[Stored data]

text \<open>Expanding \<open>K u\<close> (by the binomial mean) and \<open>K u g u\<close> in the Bernstein basis
  \<open>C(d,j) u^(d-j) (1-u)^j\<close> gives a difference with nonnegative coefficients; hence \<open>g \<le> 1\<close>.\<close>
lemma K_mult_one_minus_g_eq:
  "real K * u * (1 - g u) =
     (\<Sum>j\<le>d. (if j < K then real j * real (d - K) else real K * real (d - j)) / real d *
               (real (d choose j) * u ^ (d - j) * (1 - u) ^ j))"
proof -
  define b where "b j = real (d choose j) * u ^ (d - j) * (1 - u) ^ j" for j
  have Ku: "real K * u = (\<Sum>j\<le>d. real K / real d * real (d - j) * b j)"
  proof -
    have "real K * u = real K / real d *
            (\<Sum>j\<le>d. real (d - j) * real (d choose j) * u ^ (d - j) * (1 - u) ^ j)"
      using K_less_d by (subst binomial_mean_sum) simp
    then show ?thesis
      unfolding sum_distrib_left b_def by (simp add: mult_ac)
  qed
  have Kug: "real K * u * g u = (\<Sum>j\<le>d. (if j < K then real (K - j) else 0) * b j)"
  proof -
    have "real K * u * g u = real K * T_LL d K 1 u"
      by (simp add: T_LL_eq)
    also have "\<dots> = (\<Sum>j<K. real (K - j) * b j)"
      using K_pos unfolding T_LL_def b_def by (simp add: mult_ac)
    also have "\<dots> = (\<Sum>j\<le>d. (if j < K then real (K - j) else 0) * b j)"
      using K_less_d by (intro sum.mono_neutral_cong_left) auto
    finally show ?thesis .
  qed
  have weight: "real K / real d * real (d - j) - (if j < K then real (K - j) else 0)
      = (if j < K then real j * real (d - K) else real K * real (d - j)) / real d" for j
    using K_less_d by (auto simp: of_nat_diff field_simps)
  have "real K * u * (1 - g u) = real K * u - real K * u * g u"
    by (simp add: algebra_simps)
  also have "\<dots> = (\<Sum>j\<le>d. (real K / real d * real (d - j) - (if j < K then real (K - j) else 0)) * b j)"
    unfolding Kug unfolding Ku left_diff_distrib sum_subtractf ..
  finally show ?thesis
    unfolding weight b_def .
qed

lemma g_le_1:
  assumes "0 \<le> u" "u \<le> 1"
  shows "g u \<le> 1"
proof (cases "u = 0")
  case True
  then show ?thesis by (simp add: g_0)
next
  case False
  have "0 \<le> real K * u * (1 - g u)"
    unfolding K_mult_one_minus_g_eq using assms by (intro sum_nonneg) auto
  moreover have "0 < real K * u"
    using False assms K_pos by simp
  ultimately show ?thesis
    by (simp add: zero_le_mult_iff)
qed
(* Let $A$ be a commutative noetherian local ring, let $x,y\in A$ be an exact pair of zero divisors, and let $a\in A$. Then the sequence of free $A$-modules \[\boldsymbol{F}=\ \cdots\to A^2\xrightarrow{\gamma_a}A^2\xrightarrow{\eta_a}A^2\xrightarrow{\gamma_a}A^2\xrightarrow{\eta_a}\cdots\] is an exact complex. Moreover, with $\varphi=\begin{pmatrix}0&1\\-1&0\end{pmatrix}$ one has $\varphi\gamma_a^t=\eta_a\varphi$ and $\varphi\eta_a^t=\gamma_a\varphi$ (where ${}^t$ denotes transposition), so that $\varphi$ in each degree gives an isomorphism of complexes $\operatorname{Hom}_A(\boldsymbol{F},A)\xrightarrow{\cong}\boldsymbol{F}$, where $\operatorname{Hom}_A(A^2,A)$ is identified with $A^2$ so that the dual of a matrix is its transpose. In particular, $\operatorname{Hom}_A(\boldsymbol{F},A)$ is exact.
   Context: Two non-units $x,y\in A$ form an exact pair of zero divisors if $\operatorname{Ann}_A(x)=(y)$ and $\operatorname{Ann}_A(y)=(x)$. For $a\in A$, $\gamma_a=\begin{pmatrix} x & a\\ 0 & y\end{pmatrix}$ and $\eta_a=\begin{pmatrix} y & -a\\ 0 & x\end{pmatrix}$, viewed as $A$-linear maps $A^2\to A^2$ acting on column vectors by left multiplication. *)

theory Defs
  imports "HOL-Analysis.Analysis"
begin

definition is_ideal :: "'a::comm_ring_1 set \<Rightarrow> bool" where
  "is_ideal I \<longleftrightarrow> 0 \<in> I \<and> (\<forall>u\<in>I. \<forall>v\<in>I. u + v \<in> I) \<and> (\<forall>r. \<forall>u\<in>I. r * u \<in> I)"

definition gen_ideal :: "'a::comm_ring_1 set \<Rightarrow> 'a set" where
  "gen_ideal S = {u. \<exists>T c. finite T \<and> T \<subseteq> S \<and> u = (\<Sum>s\<in>T. c s * s)}"

definition noetherian_ring :: "'a::comm_ring_1 itself \<Rightarrow> bool" where
  "noetherian_ring _ \<longleftrightarrow> (\<forall>I::'a set. is_ideal I \<longrightarrow> (\<exists>S. finite S \<and> I = gen_ideal S))"

definition maximal_ideal :: "'a::comm_ring_1 set \<Rightarrow> bool" where
  "maximal_ideal m \<longleftrightarrow> is_ideal m \<and> m \<noteq> UNIV \<and>
     (\<forall>J. is_ideal J \<and> m \<subseteq> J \<longrightarrow> J = m \<or> J = UNIV)"

definition local_ring :: "'a::comm_ring_1 itself \<Rightarrow> bool" where
  "local_ring _ \<longleftrightarrow> (\<exists>!m::'a set. maximal_ideal m)"

definition Ann :: "'a::comm_ring_1 \<Rightarrow> 'a set" where
  "Ann x = {z. z * x = 0}"

definition exact_pair :: "'a::comm_ring_1 \<Rightarrow> 'a \<Rightarrow> bool" where
  "exact_pair x y \<longleftrightarrow> \<not> x dvd 1 \<and> \<not> y dvd 1 \<and>
     Ann x = gen_ideal {y} \<and> Ann y = gen_ideal {x}"

text \<open>The 2x2 matrices gamma_a, eta_a, phi (rows indexed first; index 1,2 of type 2).\<close>
definition mat2 :: "'a \<Rightarrow> 'a \<Rightarrow> 'a \<Rightarrow> 'a \<Rightarrow> 'a^2^2" where
  "mat2 p q r s = (\<chi> i j. if i = 1 then (if j = 1 then p else q) else (if j = 1 then r else s))"

definition gamma :: "'a::comm_ring_1 \<Rightarrow> 'a \<Rightarrow> 'a \<Rightarrow> 'a^2^2" where
  "gamma x y a = mat2 x a 0 y"

definition eta :: "'a::comm_ring_1 \<Rightarrow> 'a \<Rightarrow> 'a \<Rightarrow> 'a^2^2" where
  "eta x y a = mat2 y (- a) 0 x"

definition phi :: "'a::comm_ring_1^2^2" where
  "phi = mat2 0 1 (- 1) 0"

definition exact_at :: "'a::comm_ring_1^2^2 \<Rightarrow> 'a^2^2 \<Rightarrow> bool" where
  "exact_at f g \<longleftrightarrow> g ** f = 0 \<and> {v. g *v v = 0} = range (\<lambda>w. f *v w)"

end

theory Submission
  imports Defs
begin

text \<open>
  If \<open>\<eta>\<^sub>a v = 0\<close>, then \<open>x v\<^sub>2 = 0\<close> forces \<open>v\<^sub>2 = w\<^sub>2 y\<close>, and then \<open>(v\<^sub>1 - a w\<^sub>2) y = 0\<close>
  forces \<open>v\<^sub>1 - a w\<^sub>2 = w\<^sub>1 x\<close>; so \<open>v = \<gamma>\<^sub>a w\<close>. Since \<open>\<eta>\<^sub>a\<close> for \<open>(x, y, a)\<close> is \<open>\<gamma>\<close> for
  \<open>(y, x, -a)\<close>, and \<open>(y, x)\<close> is again an exact pair, this settles both degrees. The commutation relations with
  \<open>\<phi>\<close> exhibit the transposed maps as conjugates of \<open>\<eta>\<^sub>a\<close> and \<open>\<gamma>\<^sub>a\<close> by the invertible \<open>\<phi>\<close>,
  and exactness is invariant under such a change of basis.
\<close>

lemma gen_ideal_singleton: "gen_ideal {y} = range (\<lambda>c. c * y)"
proof (intro set_eqI iffI)
  fix u assume "u \<in> gen_ideal {y}"
  then obtain T c where "T \<subseteq> {y}" "u = (\<Sum>s\<in>T. c s * s)"
    unfolding gen_ideal_def by blast
  moreover from \<open>T \<subseteq> {y}\<close> have "T = {} \<or> T = {y}" by blast
  ultimately have "u = 0 * y \<or> u = c y * y" by auto
  then show "u \<in> range (\<lambda>c. c * y)" by blast
next
  fix u assume "u \<in> range (\<lambda>c. c * y)"
  then obtain c where "u = c * y" by blast
  then show "u \<in> gen_ideal {y}" unfolding gen_ideal_def
    by (intro CollectI exI[of _ "{y}"] exI[of _ "\<lambda>_. c"]) auto
qed

lemma exact_pair_sym: "exact_pair x y \<Longrightarrow> exact_pair y x"
  unfolding exact_pair_def by blast

lemma exact_pair_annihilates:
  assumes "exact_pair x y" and "z * x = 0"
  obtains c where "z = c * y"
  using assms unfolding exact_pair_def Ann_def gen_ideal_singleton by blast

lemma exact_pair_mult_eq_0:
  assumes "exact_pair x y"
  shows "x * y = 0"
proof -
  have "y \<in> Ann x"
    using assms unfolding exact_pair_def gen_ideal_singleton by (auto intro: range_eqI[of _ _ 1])
  then show ?thesis by (simp add: Ann_def mult.commute)
qed

lemma mat2_eq_iff: "mat2 p q r s = mat2 p2 q2 r2 s2 \<longleftrightarrow> p = p2 \<and> q = q2 \<and> r = r2 \<and> s = s2"
  by (simp add: mat2_def vec_eq_iff forall_2)

lemma mat2_mult_mat2:
  "mat2 p q r s ** mat2 p2 q2 r2 s2 = mat2 (p * p2 + q * r2) (p * q2 + q * s2) (r * p2 + s * r2) (r * q2 + s * s2)"
  by (simp add: mat2_def matrix_matrix_mult_def sum_2 vec_eq_iff forall_2)

lemma mat2_mult_vec:
  "mat2 p q r s *v v = vector [p * v$1 + q * v$2, r * v$1 + s * v$2]"
  by (simp add: mat2_def matrix_vector_mult_def sum_2 vec_eq_iff forall_2)

lemma zero_mat2: "0 = mat2 0 0 0 0"
  by (simp add: mat2_def vec_eq_iff forall_2)

lemma mat_1_mat2: "mat 1 = mat2 1 0 0 1"
  by (simp add: mat2_def mat_def vec_eq_iff forall_2)

lemma transpose_mat2: "transpose (mat2 p q r s) = mat2 p r q s"
  by (simp add: mat2_def transpose_def vec_eq_iff forall_2)

lemma vector_2_eq_iff: "vector [p, q] = (v :: 'a::zero^2) \<longleftrightarrow> p = v$1 \<and> q = v$2"
  by (auto simp: vec_eq_iff forall_2)

lemma exact_atI:
  assumes "g ** f = 0" and "\<And>v. g *v v = 0 \<Longrightarrow> \<exists>w. v = f *v w"
  shows "exact_at f g"
  unfolding exact_at_def
proof (intro conjI set_eqI iffI)
  fix v assume "v \<in> range (\<lambda>w. f *v w)"
  then show "v \<in> {v. g *v v = 0}"
    using assms(1) by (auto simp: matrix_vector_mul_assoc)
qed (use assms in auto)

lemma exact_at_conjugate:
  assumes "Q ** P = mat 1" and "P ** Q = mat 1" and "exact_at f g"
  shows "exact_at (Q ** f ** P) (Q ** g ** P)"
proof (rule exact_atI)
  have "(Q ** g ** P) ** (Q ** f ** P) = Q ** (g ** (P ** Q) ** f) ** P"
    by (simp add: matrix_mul_assoc)
  then show "(Q ** g ** P) ** (Q ** f ** P) = 0"
    using assms(2,3) by (simp add: exact_at_def)
next
  fix v assume "(Q ** g ** P) *v v = 0"
  then have "P ** Q ** g ** P *v v = 0"
    by (metis matrix_vector_mul_assoc matrix_vector_mult_0_right)
  then have "g *v (P *v v) = 0"
    using assms(2) by (simp add: matrix_vector_mul_assoc)
  then obtain w where "P *v v = f *v w"
    using assms(3) by (auto simp: exact_at_def)
  then have "v = Q ** f ** P *v (Q *v w)"
    using assms(1,2) by (metis matrix_vector_mul_assoc matrix_vector_mul_lid matrix_mul_assoc)
  then show "\<exists>w. v = (Q ** f ** P) *v w" by blast
qed

lemma eta_eq_gamma: "eta x y a = gamma y x (- a)"
  by (simp add: eta_def gamma_def)

lemma gamma_eq_eta: "gamma x y a = eta y x (- a)"
  by (simp add: eta_def gamma_def)

lemma exact_at_gamma_eta:
  assumes "exact_pair x y"
  shows "exact_at (gamma x y a) (eta x y a)"
proof (rule exact_atI)
  have "x * y = 0" "y * x = 0"
    using exact_pair_mult_eq_0[OF assms] by (simp_all add: mult.commute)
  then show "eta x y a ** gamma x y a = 0"
    by (simp add: eta_def gamma_def mat2_mult_mat2 zero_mat2 mat2_eq_iff algebra_simps)
next
  fix v assume "eta x y a *v v = 0"
  then have v1: "y * v$1 - a * v$2 = 0" and v2: "v$2 * x = 0"
    by (auto simp: eta_def mat2_mult_vec vector_2_eq_iff mult.commute)
  obtain w2 where w2: "v$2 = w2 * y"
    using exact_pair_annihilates[OF assms v2] .
  have "(v$1 - a * w2) * y = 0"
    using v1 w2 by (simp add: algebra_simps)
  then obtain w1 where w1: "v$1 - a * w2 = w1 * x"
    using exact_pair_annihilates[OF exact_pair_sym[OF assms]] by blast
  have "gamma x y a *v vector [w1, w2] = v"
    using w1 w2 by (simp add: gamma_def mat2_mult_vec vector_2_eq_iff algebra_simps)
  then show "\<exists>w. v = gamma x y a *v w" by (intro exI) (rule sym)
qed

lemma phi_transpose_gamma: "phi ** transpose (gamma x y a) = eta x y a ** phi"
  by (simp add: phi_def eta_def gamma_def transpose_mat2 mat2_mult_mat2 mat2_eq_iff)

lemma phi_transpose_eta: "phi ** transpose (eta x y a) = gamma x y a ** phi"
  by (simp add: phi_def eta_def gamma_def transpose_mat2 mat2_mult_mat2 mat2_eq_iff)

lemma transpose_phi_mult_phi: "transpose phi ** phi = mat 1"
  by (simp add: phi_def transpose_mat2 mat2_mult_mat2 mat_1_mat2)

lemma phi_mult_transpose_phi: "phi ** transpose phi = mat 1"
  by (simp add: phi_def transpose_mat2 mat2_mult_mat2 mat_1_mat2)

lemma transpose_eq_conjugate_by_phi:
  assumes "phi ** transpose f = g ** phi"
  shows "transpose f = transpose phi ** g ** phi"
  by (metis assms matrix_mul_assoc matrix_mul_lid transpose_phi_mult_phi)

theorem lemma3p4:
  fixes x y a :: "'a::comm_ring_1"
  assumes "noetherian_ring TYPE('a)" and "local_ring TYPE('a)"
    and "exact_pair x y"
  shows "exact_at (gamma x y a) (eta x y a) \<and> exact_at (eta x y a) (gamma x y a)
    \<and> phi ** transpose (gamma x y a) = eta x y a ** phi
    \<and> phi ** transpose (eta x y a) = gamma x y a ** phi
    \<and> invertible (phi :: 'a^2^2)
    \<and> exact_at (transpose (eta x y a)) (transpose (gamma x y a))
    \<and> exact_at (transpose (gamma x y a)) (transpose (eta x y a))"
proof -
  have ex_ge: "exact_at (gamma x y a) (eta x y a)"
    using exact_at_gamma_eta[OF assms(3)] .
  have ex_eg: "exact_at (eta x y a) (gamma x y a)"
    using exact_at_gamma_eta[OF exact_pair_sym[OF assms(3)], of "- a"]
    by (simp add: eta_eq_gamma[of x y] gamma_eq_eta[of x y])
  have transpose_gamma: "transpose (gamma x y a) = transpose phi ** eta x y a ** phi"
    by (rule transpose_eq_conjugate_by_phi[OF phi_transpose_gamma])
  have transpose_eta: "transpose (eta x y a) = transpose phi ** gamma x y a ** phi"
    by (rule transpose_eq_conjugate_by_phi[OF phi_transpose_eta])
  note conjugate = exact_at_conjugate[OF transpose_phi_mult_phi phi_mult_transpose_phi]
  have "exact_at (transpose (eta x y a)) (transpose (gamma x y a))"
    unfolding transpose_gamma transpose_eta by (rule conjugate[OF ex_ge])
  moreover have "exact_at (transpose (gamma x y a)) (transpose (eta x y a))"
    unfolding transpose_gamma transpose_eta by (rule conjugate[OF ex_eg])
  moreover have "invertible (phi :: 'a^2^2)"
    using transpose_phi_mult_phi phi_mult_transpose_phi invertible_def by blast
  ultimately show ?thesis
    using ex_ge ex_eg phi_transpose_gamma phi_transpose_eta by blast
qed

end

Assignment:
Out of the data above, transcribe exactly and only the lines starting with the line that has "by (metis assms" and going on through the line that has "(rule conjugate[OF ex_ge])", both included.

Result for this task:
  by (metis assms matrix_mul_assoc matrix_mul_lid transpose_phi_mult_phi)

theorem lemma3p4:
  fixes x y a :: "'a::comm_ring_1"
  assumes "noetherian_ring TYPE('a)" and "local_ring TYPE('a)"
    and "exact_pair x y"
  shows "exact_at (gamma x y a) (eta x y a) \<and> exact_at (eta x y a) (gamma x y a)
    \<and> phi ** transpose (gamma x y a) = eta x y a ** phi
    \<and> phi ** transpose (eta x y a) = gamma x y a ** phi
    \<and> invertible (phi :: 'a^2^2)
    \<and> exact_at (transpose (eta x y a)) (transpose (gamma x y a))
    \<and> exact_at (transpose (gamma x y a)) (transpose (eta x y a))"
proof -
  have ex_ge: "exact_at (gamma x y a) (eta x y a)"
    using exact_at_gamma_eta[OF assms(3)] .
  have ex_eg: "exact_at (eta x y a) (gamma x y a)"
    using exact_at_gamma_eta[OF exact_pair_sym[OF assms(3)], of "- a"]
    by (simp add: eta_eq_gamma[of x y] gamma_eq_eta[of x y])
  have transpose_gamma: "transpose (gamma x y a) = transpose phi ** eta x y a ** phi"
    by (rule transpose_eq_conjugate_by_phi[OF phi_transpose_gamma])
  have transpose_eta: "transpose (eta x y a) = transpose phi ** gamma x y a ** phi"
    by (rule transpose_eq_conjugate_by_phi[OF phi_transpose_eta])
  note conjugate = exact_at_conjugate[OF transpose_phi_mult_phi phi_mult_transpose_phi]
  have "exact_at (transpose (eta x y a)) (transpose (gamma x y a))"
    unfolding transpose_gamma transpose_eta by (rule conjugate[OF ex_ge])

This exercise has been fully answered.